**WORK TASK**
Transcribe every record beneath, precisely as written.

····················

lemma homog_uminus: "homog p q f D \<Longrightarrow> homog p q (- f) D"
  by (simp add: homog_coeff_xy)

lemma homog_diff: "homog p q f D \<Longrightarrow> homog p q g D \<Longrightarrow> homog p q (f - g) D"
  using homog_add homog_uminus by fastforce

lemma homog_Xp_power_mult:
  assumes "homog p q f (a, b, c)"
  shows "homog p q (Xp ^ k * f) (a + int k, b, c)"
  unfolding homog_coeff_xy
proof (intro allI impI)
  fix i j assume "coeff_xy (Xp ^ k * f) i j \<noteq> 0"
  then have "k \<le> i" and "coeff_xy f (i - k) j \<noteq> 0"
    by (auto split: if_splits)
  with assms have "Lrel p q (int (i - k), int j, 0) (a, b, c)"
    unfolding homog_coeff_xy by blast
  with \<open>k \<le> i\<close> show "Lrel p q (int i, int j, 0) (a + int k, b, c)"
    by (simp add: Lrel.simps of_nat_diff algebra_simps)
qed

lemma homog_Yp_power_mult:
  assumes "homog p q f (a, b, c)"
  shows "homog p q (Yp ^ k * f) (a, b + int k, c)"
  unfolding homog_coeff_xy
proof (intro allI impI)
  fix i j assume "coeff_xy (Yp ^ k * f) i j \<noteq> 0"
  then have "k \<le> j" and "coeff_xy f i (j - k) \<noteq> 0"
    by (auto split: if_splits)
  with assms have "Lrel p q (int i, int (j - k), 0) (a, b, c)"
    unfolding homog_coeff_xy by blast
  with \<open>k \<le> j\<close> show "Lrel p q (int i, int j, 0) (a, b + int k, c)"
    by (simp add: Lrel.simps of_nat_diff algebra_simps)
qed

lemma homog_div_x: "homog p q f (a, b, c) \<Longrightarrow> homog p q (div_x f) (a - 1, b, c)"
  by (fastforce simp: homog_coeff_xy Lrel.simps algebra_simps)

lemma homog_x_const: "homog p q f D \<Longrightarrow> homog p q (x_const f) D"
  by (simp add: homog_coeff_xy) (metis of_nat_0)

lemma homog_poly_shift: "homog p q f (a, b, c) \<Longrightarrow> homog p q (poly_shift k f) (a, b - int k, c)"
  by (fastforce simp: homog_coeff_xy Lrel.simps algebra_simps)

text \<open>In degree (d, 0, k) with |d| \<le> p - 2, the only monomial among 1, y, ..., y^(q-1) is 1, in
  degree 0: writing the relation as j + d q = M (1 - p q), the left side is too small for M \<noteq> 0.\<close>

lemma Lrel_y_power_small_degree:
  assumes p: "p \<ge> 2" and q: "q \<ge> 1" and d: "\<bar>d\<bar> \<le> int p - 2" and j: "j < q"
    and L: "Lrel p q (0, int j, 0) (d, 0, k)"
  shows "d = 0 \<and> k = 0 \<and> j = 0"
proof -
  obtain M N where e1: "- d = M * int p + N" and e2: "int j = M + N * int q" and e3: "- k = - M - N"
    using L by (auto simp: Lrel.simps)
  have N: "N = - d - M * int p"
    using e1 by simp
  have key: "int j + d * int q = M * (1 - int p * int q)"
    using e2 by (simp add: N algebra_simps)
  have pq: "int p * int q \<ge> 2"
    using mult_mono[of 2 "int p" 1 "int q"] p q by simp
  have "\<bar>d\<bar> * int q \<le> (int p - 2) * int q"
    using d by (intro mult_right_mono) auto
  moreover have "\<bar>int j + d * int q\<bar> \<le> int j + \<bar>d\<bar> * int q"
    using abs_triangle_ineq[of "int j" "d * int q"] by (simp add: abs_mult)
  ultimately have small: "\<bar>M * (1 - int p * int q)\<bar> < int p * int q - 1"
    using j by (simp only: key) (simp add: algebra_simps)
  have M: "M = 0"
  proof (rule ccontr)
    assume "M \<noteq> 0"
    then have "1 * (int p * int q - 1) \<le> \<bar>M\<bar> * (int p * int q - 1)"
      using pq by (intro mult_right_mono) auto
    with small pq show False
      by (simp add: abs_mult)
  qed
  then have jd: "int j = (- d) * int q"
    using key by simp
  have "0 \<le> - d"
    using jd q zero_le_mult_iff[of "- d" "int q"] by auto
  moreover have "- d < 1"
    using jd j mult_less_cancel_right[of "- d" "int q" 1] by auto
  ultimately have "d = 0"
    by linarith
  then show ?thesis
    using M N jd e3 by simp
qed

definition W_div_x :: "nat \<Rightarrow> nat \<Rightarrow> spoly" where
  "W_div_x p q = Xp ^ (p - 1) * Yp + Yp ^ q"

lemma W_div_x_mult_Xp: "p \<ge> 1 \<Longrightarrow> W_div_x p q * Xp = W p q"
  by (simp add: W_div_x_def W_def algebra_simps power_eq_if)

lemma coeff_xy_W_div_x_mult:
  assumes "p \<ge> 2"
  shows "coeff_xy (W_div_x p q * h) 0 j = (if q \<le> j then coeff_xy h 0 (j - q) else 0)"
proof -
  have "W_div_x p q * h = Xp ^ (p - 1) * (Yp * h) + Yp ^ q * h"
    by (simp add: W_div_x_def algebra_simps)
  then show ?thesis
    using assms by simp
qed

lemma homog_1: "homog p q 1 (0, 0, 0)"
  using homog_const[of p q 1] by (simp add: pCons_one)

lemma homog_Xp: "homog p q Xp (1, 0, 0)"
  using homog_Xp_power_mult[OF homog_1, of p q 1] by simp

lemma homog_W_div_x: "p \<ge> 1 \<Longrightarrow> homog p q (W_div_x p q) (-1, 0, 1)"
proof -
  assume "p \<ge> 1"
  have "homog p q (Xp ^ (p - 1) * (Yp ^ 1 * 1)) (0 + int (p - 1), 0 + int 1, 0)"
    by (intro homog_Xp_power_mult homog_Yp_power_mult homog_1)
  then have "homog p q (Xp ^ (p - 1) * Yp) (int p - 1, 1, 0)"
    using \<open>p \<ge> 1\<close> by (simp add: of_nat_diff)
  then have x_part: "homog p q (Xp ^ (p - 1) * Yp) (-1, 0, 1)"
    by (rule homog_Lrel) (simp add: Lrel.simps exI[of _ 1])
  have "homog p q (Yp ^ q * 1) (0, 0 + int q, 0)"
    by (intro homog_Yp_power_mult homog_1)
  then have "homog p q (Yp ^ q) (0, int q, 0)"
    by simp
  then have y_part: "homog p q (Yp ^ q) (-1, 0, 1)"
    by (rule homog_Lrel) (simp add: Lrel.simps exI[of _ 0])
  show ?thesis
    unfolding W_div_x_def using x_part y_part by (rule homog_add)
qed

····················

**ANSWER BOX**
lemma homog_uminus: "homog p q f D \<Longrightarrow> homog p q (- f) D"
  by (simp add: homog_coeff_xy)

lemma homog_diff: "homog p q f D \<Longrightarrow> homog p q g D \<Longrightarrow> homog p q (f - g) D"
  using homog_add homog_uminus by fastforce

lemma homog_Xp_power_mult:
  assumes "homog p q f (a, b, c)"
  shows "homog p q (Xp ^ k * f) (a + int k, b, c)"
  unfolding homog_coeff_xy
proof (intro allI impI)
  fix i j assume "coeff_xy (Xp ^ k * f) i j \<noteq> 0"
  then have "k \<le> i" and "coeff_xy f (i - k) j \<noteq> 0"
    by (auto split: if_splits)
  with assms have "Lrel p q (int (i - k), int j, 0) (a, b, c)"
    unfolding homog_coeff_xy by blast
  with \<open>k \<le> i\<close> show "Lrel p q (int i, int j, 0) (a + int k, b, c)"
    by (simp add: Lrel.simps of_nat_diff algebra_simps)
qed

lemma homog_Yp_power_mult:
  assumes "homog p q f (a, b, c)"
  shows "homog p q (Yp ^ k * f) (a, b + int k, c)"
  unfolding homog_coeff_xy
proof (intro allI impI)
  fix i j assume "coeff_xy (Yp ^ k * f) i j \<noteq> 0"
  then have "k \<le> j" and "coeff_xy f i (j - k) \<noteq> 0"
    by (auto split: if_splits)
  with assms have "Lrel p q (int i, int (j - k), 0) (a, b, c)"
    unfolding homog_coeff_xy by blast
  with \<open>k \<le> j\<close> show "Lrel p q (int i, int j, 0) (a, b + int k, c)"
    by (simp add: Lrel.simps of_nat_diff algebra_simps)
qed

lemma homog_div_x: "homog p q f (a, b, c) \<Longrightarrow> homog p q (div_x f) (a - 1, b, c)"
  by (fastforce simp: homog_coeff_xy Lrel.simps algebra_simps)

lemma homog_x_const: "homog p q f D \<Longrightarrow> homog p q (x_const f) D"
  by (simp add: homog_coeff_xy) (metis of_nat_0)

lemma homog_poly_shift: "homog p q f (a, b, c) \<Longrightarrow> homog p q (poly_shift k f) (a, b - int k, c)"
  by (fastforce simp: homog_coeff_xy Lrel.simps algebra_simps)

text \<open>In degree (d, 0, k) with |d| \<le> p - 2, the only monomial among 1, y, ..., y^(q-1) is 1, in
  degree 0: writing the relation as j + d q = M (1 - p q), the left side is too small for M \<noteq> 0.\<close>

lemma Lrel_y_power_small_degree:
  assumes p: "p \<ge> 2" and q: "q \<ge> 1" and d: "\<bar>d\<bar> \<le> int p - 2" and j: "j < q"
    and L: "Lrel p q (0, int j, 0) (d, 0, k)"
  shows "d = 0 \<and> k = 0 \<and> j = 0"
proof -
  obtain M N where e1: "- d = M * int p + N" and e2: "int j = M + N * int q" and e3: "- k = - M - N"
    using L by (auto simp: Lrel.simps)
  have N: "N = - d - M * int p"
    using e1 by simp
  have key: "int j + d * int q = M * (1 - int p * int q)"
    using e2 by (simp add: N algebra_simps)
  have pq: "int p * int q \<ge> 2"
    using mult_mono[of 2 "int p" 1 "int q"] p q by simp
  have "\<bar>d\<bar> * int q \<le> (int p - 2) * int q"
    using d by (intro mult_right_mono) auto
  moreover have "\<bar>int j + d * int q\<bar> \<le> int j + \<bar>d\<bar> * int q"
    using abs_triangle_ineq[of "int j" "d * int q"] by (simp add: abs_mult)
  ultimately have small: "\<bar>M * (1 - int p * int q)\<bar> < int p * int q - 1"
    using j by (simp only: key) (simp add: algebra_simps)
  have M: "M = 0"
  proof (rule ccontr)
    assume "M \<noteq> 0"
    then have "1 * (int p * int q - 1) \<le> \<bar>M\<bar> * (int p * int q - 1)"
      using pq by (intro mult_right_mono) auto
    with small pq show False
      by (simp add: abs_mult)
  qed
  then have jd: "int j = (- d) * int q"
    using key by simp
  have "0 \<le> - d"
    using jd q zero_le_mult_iff[of "- d" "int q"] by auto
  moreover have "- d < 1"
    using jd j mult_less_cancel_right[of "- d" "int q" 1] by auto
  ultimately have "d = 0"
    by linarith
  then show ?thesis
    using M N jd e3 by simp
qed

definition W_div_x :: "nat \<Rightarrow> nat \<Rightarrow> spoly" where
  "W_div_x p q = Xp ^ (p - 1) * Yp + Yp ^ q"

lemma W_div_x_mult_Xp: "p \<ge> 1 \<Longrightarrow> W_div_x p q * Xp = W p q"
  by (simp add: W_div_x_def W_def algebra_simps power_eq_if)

lemma coeff_xy_W_div_x_mult:
  assumes "p \<ge> 2"
  shows "coeff_xy (W_div_x p q * h) 0 j = (if q \<le> j then coeff_xy h 0 (j - q) else 0)"
proof -
  have "W_div_x p q * h = Xp ^ (p - 1) * (Yp * h) + Yp ^ q * h"
    by (simp add: W_div_x_def algebra_simps)
  then show ?thesis
    using assms by simp
qed

lemma homog_1: "homog p q 1 (0, 0, 0)"
  using homog_const[of p q 1] by (simp add: pCons_one)

lemma homog_Xp: "homog p q Xp (1, 0, 0)"
  using homog_Xp_power_mult[OF homog_1, of p q 1] by simp

lemma homog_W_div_x: "p \<ge> 1 \<Longrightarrow> homog p q (W_div_x p q) (-1, 0, 1)"
proof -
  assume "p \<ge> 1"
  have "homog p q (Xp ^ (p - 1) * (Yp ^ 1 * 1)) (0 + int (p - 1), 0 + int 1, 0)"
    by (intro homog_Xp_power_mult homog_Yp_power_mult homog_1)
  then have "homog p q (Xp ^ (p - 1) * Yp) (int p - 1, 1, 0)"
    using \<open>p \<ge> 1\<close> by (simp add: of_nat_diff)
  then have x_part: "homog p q (Xp ^ (p - 1) * Yp) (-1, 0, 1)"
    by (rule homog_Lrel) (simp add: Lrel.simps exI[of _ 1])
  have "homog p q (Yp ^ q * 1) (0, 0 + int q, 0)"
    by (intro homog_Yp_power_mult homog_1)
  then have "homog p q (Yp ^ q) (0, int q, 0)"
    by simp
  then have y_part: "homog p q (Yp ^ q) (-1, 0, 1)"
    by (rule homog_Lrel) (simp add: Lrel.simps exI[of _ 0])
  show ?thesis
    unfolding W_div_x_def using x_part y_part by (rule homog_add)
qed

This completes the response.